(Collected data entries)

[Start of section]

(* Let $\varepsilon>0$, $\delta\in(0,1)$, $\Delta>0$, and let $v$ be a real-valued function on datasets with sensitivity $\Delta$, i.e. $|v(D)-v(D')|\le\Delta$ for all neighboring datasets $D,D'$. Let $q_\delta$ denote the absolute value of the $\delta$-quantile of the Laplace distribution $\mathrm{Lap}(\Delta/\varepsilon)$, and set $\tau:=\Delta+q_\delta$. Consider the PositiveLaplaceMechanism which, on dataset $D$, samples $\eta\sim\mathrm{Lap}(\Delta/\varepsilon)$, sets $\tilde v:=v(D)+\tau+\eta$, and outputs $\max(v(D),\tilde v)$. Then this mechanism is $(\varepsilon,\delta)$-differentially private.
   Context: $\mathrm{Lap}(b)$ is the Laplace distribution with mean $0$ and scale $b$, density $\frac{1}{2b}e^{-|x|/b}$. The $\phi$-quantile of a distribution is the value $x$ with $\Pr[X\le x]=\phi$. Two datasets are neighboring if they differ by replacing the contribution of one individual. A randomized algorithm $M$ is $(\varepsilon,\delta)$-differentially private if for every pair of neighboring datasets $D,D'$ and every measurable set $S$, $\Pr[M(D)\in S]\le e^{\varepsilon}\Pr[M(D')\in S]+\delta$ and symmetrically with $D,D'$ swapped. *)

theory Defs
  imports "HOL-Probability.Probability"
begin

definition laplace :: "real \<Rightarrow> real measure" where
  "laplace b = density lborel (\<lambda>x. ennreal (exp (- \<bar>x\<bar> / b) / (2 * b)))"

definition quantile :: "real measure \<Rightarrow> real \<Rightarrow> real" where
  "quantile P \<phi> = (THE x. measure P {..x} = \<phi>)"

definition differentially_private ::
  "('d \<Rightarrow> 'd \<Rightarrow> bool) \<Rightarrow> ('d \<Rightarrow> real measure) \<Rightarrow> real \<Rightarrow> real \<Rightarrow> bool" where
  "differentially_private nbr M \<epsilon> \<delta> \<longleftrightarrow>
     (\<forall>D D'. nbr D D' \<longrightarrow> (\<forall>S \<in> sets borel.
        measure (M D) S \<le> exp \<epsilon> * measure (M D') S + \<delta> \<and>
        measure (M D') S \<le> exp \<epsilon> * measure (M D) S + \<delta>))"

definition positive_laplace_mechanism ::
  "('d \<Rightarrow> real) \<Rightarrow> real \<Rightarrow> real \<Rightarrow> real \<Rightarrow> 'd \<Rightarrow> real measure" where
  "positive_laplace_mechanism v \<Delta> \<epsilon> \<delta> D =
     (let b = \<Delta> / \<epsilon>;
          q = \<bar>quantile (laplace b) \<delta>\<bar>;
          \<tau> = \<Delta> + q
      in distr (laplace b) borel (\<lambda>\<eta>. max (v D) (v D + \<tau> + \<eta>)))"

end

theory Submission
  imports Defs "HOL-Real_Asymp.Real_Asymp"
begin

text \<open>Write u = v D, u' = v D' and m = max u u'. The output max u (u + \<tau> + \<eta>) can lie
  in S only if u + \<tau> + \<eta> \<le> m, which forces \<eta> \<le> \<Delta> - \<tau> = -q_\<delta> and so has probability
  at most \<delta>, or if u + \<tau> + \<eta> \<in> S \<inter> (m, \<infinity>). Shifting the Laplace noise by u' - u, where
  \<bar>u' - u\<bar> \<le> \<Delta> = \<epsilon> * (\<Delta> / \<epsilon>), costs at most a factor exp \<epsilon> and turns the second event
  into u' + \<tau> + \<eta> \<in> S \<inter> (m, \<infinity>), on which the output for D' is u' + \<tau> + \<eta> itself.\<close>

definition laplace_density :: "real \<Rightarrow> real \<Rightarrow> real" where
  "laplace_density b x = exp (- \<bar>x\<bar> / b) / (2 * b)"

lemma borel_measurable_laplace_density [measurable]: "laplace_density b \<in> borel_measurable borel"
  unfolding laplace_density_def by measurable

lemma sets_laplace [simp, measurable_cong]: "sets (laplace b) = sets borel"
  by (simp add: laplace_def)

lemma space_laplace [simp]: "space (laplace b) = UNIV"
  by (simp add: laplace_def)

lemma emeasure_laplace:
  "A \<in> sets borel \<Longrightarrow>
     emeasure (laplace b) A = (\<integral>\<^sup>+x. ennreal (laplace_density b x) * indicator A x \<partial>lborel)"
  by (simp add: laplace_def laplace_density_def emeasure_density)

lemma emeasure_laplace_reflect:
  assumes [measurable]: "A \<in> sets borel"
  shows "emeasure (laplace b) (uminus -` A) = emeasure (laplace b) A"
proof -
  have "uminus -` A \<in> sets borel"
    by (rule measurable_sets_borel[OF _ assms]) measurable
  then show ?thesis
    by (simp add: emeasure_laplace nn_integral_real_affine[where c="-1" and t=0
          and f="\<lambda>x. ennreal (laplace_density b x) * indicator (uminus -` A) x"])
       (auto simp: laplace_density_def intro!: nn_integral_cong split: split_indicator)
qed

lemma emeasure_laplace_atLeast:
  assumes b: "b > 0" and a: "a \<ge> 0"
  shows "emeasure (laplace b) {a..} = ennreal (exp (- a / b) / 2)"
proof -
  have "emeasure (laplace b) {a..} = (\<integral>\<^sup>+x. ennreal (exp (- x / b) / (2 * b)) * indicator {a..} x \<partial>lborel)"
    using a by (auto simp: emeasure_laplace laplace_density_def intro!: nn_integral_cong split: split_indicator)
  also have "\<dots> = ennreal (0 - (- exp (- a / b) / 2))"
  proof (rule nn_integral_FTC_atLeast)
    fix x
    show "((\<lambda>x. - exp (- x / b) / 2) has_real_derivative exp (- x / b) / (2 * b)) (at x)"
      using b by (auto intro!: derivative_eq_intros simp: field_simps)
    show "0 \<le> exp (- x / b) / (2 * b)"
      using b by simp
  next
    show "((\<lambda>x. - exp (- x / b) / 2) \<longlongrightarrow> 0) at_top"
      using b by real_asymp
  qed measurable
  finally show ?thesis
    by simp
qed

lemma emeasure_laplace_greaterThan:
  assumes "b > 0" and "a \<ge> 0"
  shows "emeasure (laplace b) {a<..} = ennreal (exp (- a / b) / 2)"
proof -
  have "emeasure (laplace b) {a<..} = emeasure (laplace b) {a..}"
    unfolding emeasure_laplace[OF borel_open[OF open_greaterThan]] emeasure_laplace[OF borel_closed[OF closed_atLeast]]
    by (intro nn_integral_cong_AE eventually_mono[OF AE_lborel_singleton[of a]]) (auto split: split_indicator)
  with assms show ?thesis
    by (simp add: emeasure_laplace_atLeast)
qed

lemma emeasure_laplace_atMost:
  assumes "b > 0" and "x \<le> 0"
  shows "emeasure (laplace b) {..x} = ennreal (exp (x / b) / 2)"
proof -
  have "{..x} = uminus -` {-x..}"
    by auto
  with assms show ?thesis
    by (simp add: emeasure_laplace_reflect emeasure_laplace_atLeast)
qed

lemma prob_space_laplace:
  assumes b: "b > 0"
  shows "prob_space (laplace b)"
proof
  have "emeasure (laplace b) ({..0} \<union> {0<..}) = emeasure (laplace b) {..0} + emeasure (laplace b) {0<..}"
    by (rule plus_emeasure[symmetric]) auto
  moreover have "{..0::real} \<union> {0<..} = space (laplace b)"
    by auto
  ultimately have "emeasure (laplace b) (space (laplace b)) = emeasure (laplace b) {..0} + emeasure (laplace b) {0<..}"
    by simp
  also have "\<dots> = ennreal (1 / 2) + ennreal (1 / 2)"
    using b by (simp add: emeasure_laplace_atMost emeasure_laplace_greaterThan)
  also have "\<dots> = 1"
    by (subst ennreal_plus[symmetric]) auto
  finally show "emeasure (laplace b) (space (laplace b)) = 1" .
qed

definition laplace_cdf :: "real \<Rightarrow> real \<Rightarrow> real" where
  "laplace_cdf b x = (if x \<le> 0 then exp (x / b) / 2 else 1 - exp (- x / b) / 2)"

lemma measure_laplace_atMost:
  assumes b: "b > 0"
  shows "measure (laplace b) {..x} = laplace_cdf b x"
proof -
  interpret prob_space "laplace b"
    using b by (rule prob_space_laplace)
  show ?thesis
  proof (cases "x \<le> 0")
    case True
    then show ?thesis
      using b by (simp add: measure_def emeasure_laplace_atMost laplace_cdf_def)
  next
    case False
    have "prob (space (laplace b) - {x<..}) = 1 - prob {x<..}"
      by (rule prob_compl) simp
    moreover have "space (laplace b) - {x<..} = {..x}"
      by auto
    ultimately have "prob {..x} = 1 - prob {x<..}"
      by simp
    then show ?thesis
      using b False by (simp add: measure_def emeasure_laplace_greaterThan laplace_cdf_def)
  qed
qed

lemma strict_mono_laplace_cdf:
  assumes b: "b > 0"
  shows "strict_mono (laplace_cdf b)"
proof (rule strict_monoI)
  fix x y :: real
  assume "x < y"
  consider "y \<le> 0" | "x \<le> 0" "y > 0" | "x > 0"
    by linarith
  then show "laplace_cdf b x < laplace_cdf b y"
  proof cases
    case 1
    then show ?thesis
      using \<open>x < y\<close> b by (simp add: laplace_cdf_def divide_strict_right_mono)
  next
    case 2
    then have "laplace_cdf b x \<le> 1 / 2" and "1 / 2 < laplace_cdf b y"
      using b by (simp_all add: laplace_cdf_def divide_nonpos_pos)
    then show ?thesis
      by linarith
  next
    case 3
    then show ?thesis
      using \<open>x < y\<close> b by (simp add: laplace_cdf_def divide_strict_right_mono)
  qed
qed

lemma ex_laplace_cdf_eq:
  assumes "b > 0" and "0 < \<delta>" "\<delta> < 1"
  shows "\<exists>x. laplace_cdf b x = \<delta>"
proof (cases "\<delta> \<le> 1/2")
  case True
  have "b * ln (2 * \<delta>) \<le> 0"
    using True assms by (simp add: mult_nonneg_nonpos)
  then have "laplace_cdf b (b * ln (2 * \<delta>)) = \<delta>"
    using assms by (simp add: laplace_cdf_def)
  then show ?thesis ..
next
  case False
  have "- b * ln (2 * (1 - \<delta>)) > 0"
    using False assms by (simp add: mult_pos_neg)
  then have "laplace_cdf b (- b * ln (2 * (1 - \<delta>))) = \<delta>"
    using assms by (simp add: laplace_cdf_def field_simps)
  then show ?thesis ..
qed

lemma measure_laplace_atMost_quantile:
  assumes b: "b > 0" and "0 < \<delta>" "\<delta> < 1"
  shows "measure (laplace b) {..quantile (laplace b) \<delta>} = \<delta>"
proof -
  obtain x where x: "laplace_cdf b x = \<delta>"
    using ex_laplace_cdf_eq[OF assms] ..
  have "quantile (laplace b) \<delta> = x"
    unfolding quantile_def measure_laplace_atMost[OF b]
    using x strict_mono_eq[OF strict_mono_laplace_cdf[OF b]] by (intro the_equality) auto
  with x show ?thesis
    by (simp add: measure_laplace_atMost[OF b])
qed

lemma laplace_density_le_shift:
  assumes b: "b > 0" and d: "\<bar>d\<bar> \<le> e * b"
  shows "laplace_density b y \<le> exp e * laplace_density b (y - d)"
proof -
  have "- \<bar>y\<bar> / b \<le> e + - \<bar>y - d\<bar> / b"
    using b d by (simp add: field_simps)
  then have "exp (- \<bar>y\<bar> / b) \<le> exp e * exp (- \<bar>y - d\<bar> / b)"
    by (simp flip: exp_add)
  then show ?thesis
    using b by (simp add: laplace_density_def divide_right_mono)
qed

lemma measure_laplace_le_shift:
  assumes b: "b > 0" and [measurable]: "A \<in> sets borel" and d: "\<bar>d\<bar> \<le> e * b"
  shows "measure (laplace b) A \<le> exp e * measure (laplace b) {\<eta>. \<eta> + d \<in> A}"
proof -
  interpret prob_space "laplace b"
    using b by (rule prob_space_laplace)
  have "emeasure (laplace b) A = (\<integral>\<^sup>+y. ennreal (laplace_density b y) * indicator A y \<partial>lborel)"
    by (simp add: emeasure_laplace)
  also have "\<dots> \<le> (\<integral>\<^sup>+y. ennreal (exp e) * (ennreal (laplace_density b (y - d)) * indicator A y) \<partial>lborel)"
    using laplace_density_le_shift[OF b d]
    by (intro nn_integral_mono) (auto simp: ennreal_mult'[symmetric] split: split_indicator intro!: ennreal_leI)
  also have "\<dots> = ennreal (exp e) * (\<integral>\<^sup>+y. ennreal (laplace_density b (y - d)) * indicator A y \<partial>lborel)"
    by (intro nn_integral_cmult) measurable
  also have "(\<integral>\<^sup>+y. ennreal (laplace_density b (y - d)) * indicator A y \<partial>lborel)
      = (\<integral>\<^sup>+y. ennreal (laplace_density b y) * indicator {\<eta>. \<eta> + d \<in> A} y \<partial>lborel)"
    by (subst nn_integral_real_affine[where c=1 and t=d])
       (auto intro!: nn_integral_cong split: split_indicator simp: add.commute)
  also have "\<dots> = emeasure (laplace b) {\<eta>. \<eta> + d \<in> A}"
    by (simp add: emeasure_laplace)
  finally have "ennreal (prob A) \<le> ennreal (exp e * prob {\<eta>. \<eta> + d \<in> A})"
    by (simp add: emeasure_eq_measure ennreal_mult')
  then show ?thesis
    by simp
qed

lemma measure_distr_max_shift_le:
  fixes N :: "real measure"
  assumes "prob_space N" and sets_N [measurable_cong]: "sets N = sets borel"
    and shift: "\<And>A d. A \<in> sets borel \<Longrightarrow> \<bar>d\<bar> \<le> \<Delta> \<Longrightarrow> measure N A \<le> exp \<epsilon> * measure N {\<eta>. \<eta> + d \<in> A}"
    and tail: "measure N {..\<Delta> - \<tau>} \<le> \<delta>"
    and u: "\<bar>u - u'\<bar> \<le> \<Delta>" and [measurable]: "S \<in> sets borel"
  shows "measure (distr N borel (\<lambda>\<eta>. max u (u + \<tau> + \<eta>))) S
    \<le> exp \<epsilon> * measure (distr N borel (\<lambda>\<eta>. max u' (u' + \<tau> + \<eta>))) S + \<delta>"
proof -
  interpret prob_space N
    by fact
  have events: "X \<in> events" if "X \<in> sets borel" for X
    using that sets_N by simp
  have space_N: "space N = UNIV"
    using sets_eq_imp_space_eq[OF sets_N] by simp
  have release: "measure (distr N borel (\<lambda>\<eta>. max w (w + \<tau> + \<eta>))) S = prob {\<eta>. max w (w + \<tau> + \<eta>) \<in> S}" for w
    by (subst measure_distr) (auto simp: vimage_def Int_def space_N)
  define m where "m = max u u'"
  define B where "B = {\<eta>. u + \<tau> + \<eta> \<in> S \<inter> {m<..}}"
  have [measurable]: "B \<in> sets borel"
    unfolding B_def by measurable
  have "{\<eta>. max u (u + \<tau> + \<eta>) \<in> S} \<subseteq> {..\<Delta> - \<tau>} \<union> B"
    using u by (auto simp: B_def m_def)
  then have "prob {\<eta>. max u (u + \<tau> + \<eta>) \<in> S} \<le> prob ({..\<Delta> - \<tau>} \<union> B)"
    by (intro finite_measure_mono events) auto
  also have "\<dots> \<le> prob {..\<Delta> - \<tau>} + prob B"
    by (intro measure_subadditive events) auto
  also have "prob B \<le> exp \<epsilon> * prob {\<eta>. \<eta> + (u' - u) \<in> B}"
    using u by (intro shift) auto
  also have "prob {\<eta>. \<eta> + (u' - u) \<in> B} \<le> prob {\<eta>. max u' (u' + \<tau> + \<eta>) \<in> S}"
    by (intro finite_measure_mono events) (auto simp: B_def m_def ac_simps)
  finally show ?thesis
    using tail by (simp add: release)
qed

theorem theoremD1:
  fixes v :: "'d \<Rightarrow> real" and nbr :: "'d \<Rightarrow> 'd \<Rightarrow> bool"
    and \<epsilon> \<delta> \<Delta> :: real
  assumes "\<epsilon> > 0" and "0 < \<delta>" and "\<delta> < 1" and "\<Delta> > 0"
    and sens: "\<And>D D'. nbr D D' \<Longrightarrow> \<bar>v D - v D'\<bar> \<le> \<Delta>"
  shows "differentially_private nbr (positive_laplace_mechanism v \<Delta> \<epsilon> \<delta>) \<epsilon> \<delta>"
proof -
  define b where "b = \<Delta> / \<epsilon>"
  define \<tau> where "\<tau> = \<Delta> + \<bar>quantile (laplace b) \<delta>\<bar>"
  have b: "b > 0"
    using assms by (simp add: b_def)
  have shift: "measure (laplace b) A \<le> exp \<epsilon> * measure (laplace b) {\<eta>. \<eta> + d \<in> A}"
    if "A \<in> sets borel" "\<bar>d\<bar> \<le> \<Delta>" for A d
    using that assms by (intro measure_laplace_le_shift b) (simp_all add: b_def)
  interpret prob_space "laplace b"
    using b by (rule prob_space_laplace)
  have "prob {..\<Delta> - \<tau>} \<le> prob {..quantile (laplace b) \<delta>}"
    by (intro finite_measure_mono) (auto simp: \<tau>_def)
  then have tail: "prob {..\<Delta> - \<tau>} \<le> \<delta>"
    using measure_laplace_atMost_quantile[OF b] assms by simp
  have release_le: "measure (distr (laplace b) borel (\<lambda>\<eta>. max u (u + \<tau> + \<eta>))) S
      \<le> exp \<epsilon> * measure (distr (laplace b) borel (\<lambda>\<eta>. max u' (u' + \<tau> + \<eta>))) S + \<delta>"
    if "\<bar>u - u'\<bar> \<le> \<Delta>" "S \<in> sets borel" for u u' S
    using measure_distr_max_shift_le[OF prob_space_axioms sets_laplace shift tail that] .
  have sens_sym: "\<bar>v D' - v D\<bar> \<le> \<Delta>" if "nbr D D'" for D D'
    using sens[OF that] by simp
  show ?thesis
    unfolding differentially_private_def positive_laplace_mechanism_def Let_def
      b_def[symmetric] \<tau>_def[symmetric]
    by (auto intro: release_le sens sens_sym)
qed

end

[End of section]

▶ **ASSIGNMENT**:
Starting at the line above that contains "using tail by (simp add: release)", write out each line exactly until the line that contains "define \<tau> where" has been written, and stop there.

▶ **EXERCISE OUTPUT**:
    using tail by (simp add: release)
qed

theorem theoremD1:
  fixes v :: "'d \<Rightarrow> real" and nbr :: "'d \<Rightarrow> 'd \<Rightarrow> bool"
    and \<epsilon> \<delta> \<Delta> :: real
  assumes "\<epsilon> > 0" and "0 < \<delta>" and "\<delta> < 1" and "\<Delta> > 0"
    and sens: "\<And>D D'. nbr D D' \<Longrightarrow> \<bar>v D - v D'\<bar> \<le> \<Delta>"
  shows "differentially_private nbr (positive_laplace_mechanism v \<Delta> \<epsilon> \<delta>) \<epsilon> \<delta>"
proof -
  define b where "b = \<Delta> / \<epsilon>"
  define \<tau> where "\<tau> = \<Delta> + \<bar>quantile (laplace b) \<delta>\<bar>"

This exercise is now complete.